(* Let $m,n,d,e$ be positive integers with $m=2n$ and $e=\gcd(n,d)=\gcd(m,d)$, and let $s\ge u\ge1$ be integers. If $(x_1,x_2,\dots,x_{2u})\in V_{s,u}$, then $x_1,x_2,x_4,x_6,\dots,x_{2u}$ are linearly dependent over $\mathbb{F}_{2^e}$.
   Context: For integers $s\ge0$ and $u\ge1$, $V_{s,u}$ denotes the set of solutions $(x_1,\dots,x_{2u})\in\mathbb{F}_{2^m}^{2u}$ of the system \[\sum_{i=1}^u\big(x_{2i-1}x_{2i}^{2^{(\frac{n}{e}-j)d}}+x_{2i-1}^{2^{(\frac{n}{e}-j)d}}x_{2i}\big)=0,\qquad j=0,1,\dots,s.\] *)

theory Defs
  imports Main
begin

text \<open>The field F_{2^m} is modelled by a finite field type 'a with CARD('a) = 2^m.
  The subfield F_{2^e} is the set of fixed points of x \<mapsto> x^(2^e).\<close>

definition subfield_pow2 :: "nat \<Rightarrow> 'a::field set" where
  "subfield_pow2 e = {x. x ^ (2 ^ e) = x}"

text \<open>Frobenius power x^(2^k) for an integer exponent k, interpreted in F_{2^m}
  (where x^(2^m) = x), i.e. the exponent k is reduced modulo m.\<close>

definition frob :: "nat \<Rightarrow> int \<Rightarrow> 'a::field \<Rightarrow> 'a" where
  "frob m k x = x ^ (2 ^ nat (k mod int m))"

text \<open>V_{s,u}: tuples (x_1,...,x_{2u}), represented as functions on indices 1..2u
  (values at other indices are irrelevant).\<close>

definition V :: "nat \<Rightarrow> nat \<Rightarrow> nat \<Rightarrow> nat \<Rightarrow> nat \<Rightarrow> nat \<Rightarrow> (nat \<Rightarrow> 'a::field) set" where
  "V m n d e s u = {x. \<forall>j\<le>s.
     (\<Sum>i=1..u. x (2*i-1) * frob m ((int (n div e) - int j) * int d) (x (2*i))
              + frob m ((int (n div e) - int j) * int d) (x (2*i-1)) * x (2*i)) = 0}"

definition lin_dep_over :: "'a::field set \<Rightarrow> nat set \<Rightarrow> (nat \<Rightarrow> 'a) \<Rightarrow> bool" where
  "lin_dep_over F I x = (\<exists>c. (\<forall>i\<in>I. c i \<in> F) \<and> (\<exists>i\<in>I. c i \<noteq> 0) \<and> (\<Sum>i\<in>I. c i * x i) = 0)"

end

theory Submission
  imports Defs "HOL-Number_Theory.Residues"
begin
(* Let Assumption 1 hold, let $\{\mathbf x_k\}$ be generated by Algorithm MADS-PIP, let $\bar{\mathbf x}$ be an end-path point and let $\bar{\mathbf d}$ be a path-refining direction for $\bar{\mathbf x}$. If $f$, $c^{int}$ and $c^{ext}$ are Lipschitz continuous near $\bar{\mathbf x}$, then $(c^{ext})^\circ(\bar{\mathbf x};\bar{\mathbf d})\ge0$.
   Context: Consider the problem of minimizing $f(\mathbf x)$ over $\mathbf x\in\mathbb R^n$ subject to $g_\ell(\mathbf x)\le 0$ ($\ell=1,\dots,m$) and $h_j(\mathbf x)=0$ ($j=1,\dots,p$), where $f,g_\ell,h_j:\mathbb R^n\to\mathbb R\cup\{+\infty\}$. The index set $\{1,\dots,m\}$ is partitioned into disjoint sets $\mathcal G^{int}$ and $\mathcal G^{ext}$, fixed throughout. Define $\Omega^{int}=\{\mathbf x: g_\ell(\mathbf x)\le 0\ \forall\ell\in\mathcal G^{int}\}$, $\Omega^{ext}=\{\mathbf x: g_\ell(\mathbf x)\le0\ \forall \ell\in\mathcal G^{ext},\ h_j(\mathbf x)=0\ \forall j\}$, $\Omega=\Omega^{int}\cap\Omega^{ext}$. Let $\phi^{prox}(\mathbf x)=\max_{\ell\in\mathcal G^{int}}g_\ell(\mathbf x)$; let $c^{int}(\mathbf x)=-\prod_{\ell\in\mathcal G^{int}}\min\{1,-g_\ell(\mathbf x)\}$ if $g_\ell(\mathbf x)\le0$ for all $\ell\in\mathcal G^{int}$, and $c^{int}(\mathbf x)=\phi^{prox}(\mathbf x)$ otherwise; let $c^{ext}(\mathbf x)=\sum_{\ell\in\mathcal G^{ext}}(\max\{0,g_\ell(\mathbf x)\})^2+\sum_{j=1}^p h_j(\mathbf x)^2$. (If $\mathcal G^{int}=\emptyset$, then $c^{int}\equiv-1$ and $[\phi^{prox}]^2$ is read as $+\infty$.) For $\rho>0$ the merit function is $z(\mathbf x;\rho)=f(\mathbf x)-\rho\log(-c^{int}(\mathbf x))+\frac1\rho c^{ext}(\mathbf x)$ if $c^{int}(\mathbf x)<0$, and $z(\mathbf x;\rho)=+\infty$ otherwise. Algorithm MADS-PIP: inputs $\mathbf x_0$ with $g_\ell(\mathbf x_0)<0$ for all $\ell\in\mathcal G^{int}$ and $z(\mathbf x_0;\rho_0)<+\infty$, $\rho_0>0$, $\theta_\rho\in(0,1)$, $\Delta_0>0$, $\theta_\Delta\in(0,1)\cap\mathbb Q$, $\beta>1$. For $k=0,1,2,\dots$ (the algorithm never stops): mesh $\mathcal M_k=\{\mathbf x_k+\delta_k\mathbf u:\mathbf u\in\mathbb Z^n\}$ with $\delta_k=\min\{\Delta_k,\Delta_k^2/\Delta_0\}$; frame $\mathcal F_k=\{\mathbf x\in\mathcal M_k:\|\mathbf x-\mathbf x_k\|\le\Delta_k\}$. Search: a finite (possibly empty) set $\mathcal S_k\subset\mathcal M_k$ is examined; if some $\mathbf s\in\mathcal S_k$ satisfies $z(\mathbf s;\rho_k)<z(\mathbf x_k;\rho_k)$, set $\mathbf x_{k+1}=\mathbf s$, $\Delta_{k+1}=\Delta_k/\theta_\Delta$, $\rho_{k+1}=\rho_k$ (successful iteration). Otherwise poll: choose a finite set $\mathcal D_k$ of nonzero directions with $\mathbf x_k+\mathbf d\in\mathcal F_k$ for all $\mathbf d\in\mathcal D_k$; if some $\mathbf d\in\mathcal D_k$ satisfies $z(\mathbf x_k+\mathbf d;\rho_k)<z(\mathbf x_k;\rho_k)$, set $\mathbf x_{k+1}=\mathbf x_k+\mathbf d$, $\Delta_{k+1}=\Delta_k/\theta_\Delta$, $\rho_{k+1}=\rho_k$ (successful). Otherwise the iteration is unsuccessful: $\mathbf x_{k+1}=\mathbf x_k$, $\Delta_{k+1}=\theta_\Delta\Delta_k$, and $\rho_{k+1}=\theta_\rho\rho_k$ if $\Delta_{k+1}\le\min\{\rho_k^\beta,[\phi^{prox}(\mathbf x_k)]^2\}$, else $\rho_{k+1}=\rho_k$. The path-following index set is $\mathcal K_\rho=\{k:\rho_{k+1}<\rho_k\}$ and $\{\mathbf x_k\}_{k\in\mathcal K_\rho}$ is the path-following subsequence. A point $\bar{\mathbf x}$ is an end-path point if there is an infinite $\mathcal K_\rho^{x}\subseteq\mathcal K_\rho$ with $\lim_{k\in\mathcal K_\rho^x}\mathbf x_k=\bar{\mathbf x}$; $\{\mathbf x_k\}_{k\in\mathcal K^x_\rho}$ is then an end-path subsequence. Assumption 1: for every $\alpha\in\mathbb R$ the level set $\{\mathbf x\in\mathbb R^n: f(\mathbf x)\le\alpha\}$ is bounded. Path-refining direction: $\bar{\mathbf d}\in\mathbb R^n$ is a path-refining direction for the end-path point $\bar{\mathbf x}$ if there exist an infinite index set $\mathcal K^x_\rho\subseteq\mathcal K_\rho$ with $\lim_{k\in\mathcal K^x_\rho}\mathbf x_k=\bar{\mathbf x}$ and poll directions $\mathbf d_k\in\mathcal D_k$ ($k\in\mathcal K^x_\rho$) such that $\lim_{k\in\mathcal K^x_\rho}\mathbf d_k/\|\mathbf d_k\|=\bar{\mathbf d}$ and $c^{int}(\mathbf x_k+\mathbf d_k)\le c^{int}(\mathbf x_k)$ for all $k\in\mathcal K^x_\rho$. Clarke generalized directional derivative of $c$ at $\mathbf x$ in direction $\mathbf d$: $c^\circ(\mathbf x;\mathbf d)=\limsup_{\mathbf y\to\mathbf x,\ t\searrow0}\frac{c(\mathbf y+t\mathbf d)-c(\mathbf y)}{t}$. *)

theory Defs
  imports "HOL-Analysis.Analysis"
begin
(* Let $I=(p_t)_{t\in[n]}$ be an instance and $\hat I=(\hat p_t)_{t\in[n]}$ a prediction such that $\min\{p_t,\hat p_t\}>0$ for some $t$. Then (Lipschitzness) $|\mathrm{opt}(I)-\mathrm{opt}(\hat I)|\le\eta(I,\hat I)$, and (monotonicity) for every $S\subseteq[n]$, letting $\hat I_S$ be the instance with $t$-th entry $p_t$ for $t\in S$ and $\hat p_t$ for $t\notin S$, we have $\eta(I,\hat I)\ge\eta(I,\hat I_S)$.
   Context: Fix a real parameter $d>0$. An instance is a finite sequence $I=(p_t)_{t\in[T]}$ of nonnegative reals; instances of different lengths are compared by padding with zeros. A solution is a finite set $X=\{x_1<\dots<x_k\}\subseteq[T]$; it is feasible for $I$ if either all $p_t=0$, or $X\ne\emptyset$ and $\max X\ge\max\{t:p_t>0\}$. With $x_0:=0$, $F(I,X)=|X|+\frac1d\sum_{i=1}^{k}\sum_{t=x_{i-1}+1}^{x_i}p_t(x_i-t)$, and $\mathrm{opt}(I)=\min\{F(I,X): X\text{ feasible}\}$. For $a\le b$, the subinstance $I\langle a,b\rangle=(p_t)_{t\in\{a,\dots,b\}}$ is an instance on time set $\{a,\dots,b\}$ (solutions are subsets of $\{a,\dots,b\}$, cost formula with $x_0:=a-1$). For an actual instance $I=(p_t)$ and a predicted instance $\hat I=(\hat p_t)$ on the same time set, $O(I,\hat I)=(\max\{p_t,\hat p_t\})_t$ and $U(I,\hat I)=(\min\{p_t,\hat p_t\})_t$. For an interval $L=\{a,\dots,b\}$, $\tau(L,I,\hat I)=\mathrm{opt}(O(I\langle a,b\rangle,\hat I\langle a,b\rangle))-\mathrm{opt}(U(I\langle a,b\rangle,\hat I\langle a,b\rangle))$. A partition of $[n]$ into consecutive intervals $L_1,\dots,L_m$ is non-empty for $U(I,\hat I)$ if every $L_i$ contains some $t$ with $\min\{p_t,\hat p_t\}>0$; let $\Pi(U(I,\hat I))$ be the set of such partitions. The error measure is $\eta(I,\hat I)=\max_{\mathcal P\in\Pi(U(I,\hat I))}\sum_{L\in\mathcal P}\tau(L,I,\hat I)$. *)

theory Defs
  imports Complex_Main
begin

□ □ □ □

WHAT YOU ARE ASKED TO DO. Would you please give the number of lines in this material containing the string "imports", with no further text?

TASK RESPONSE. 4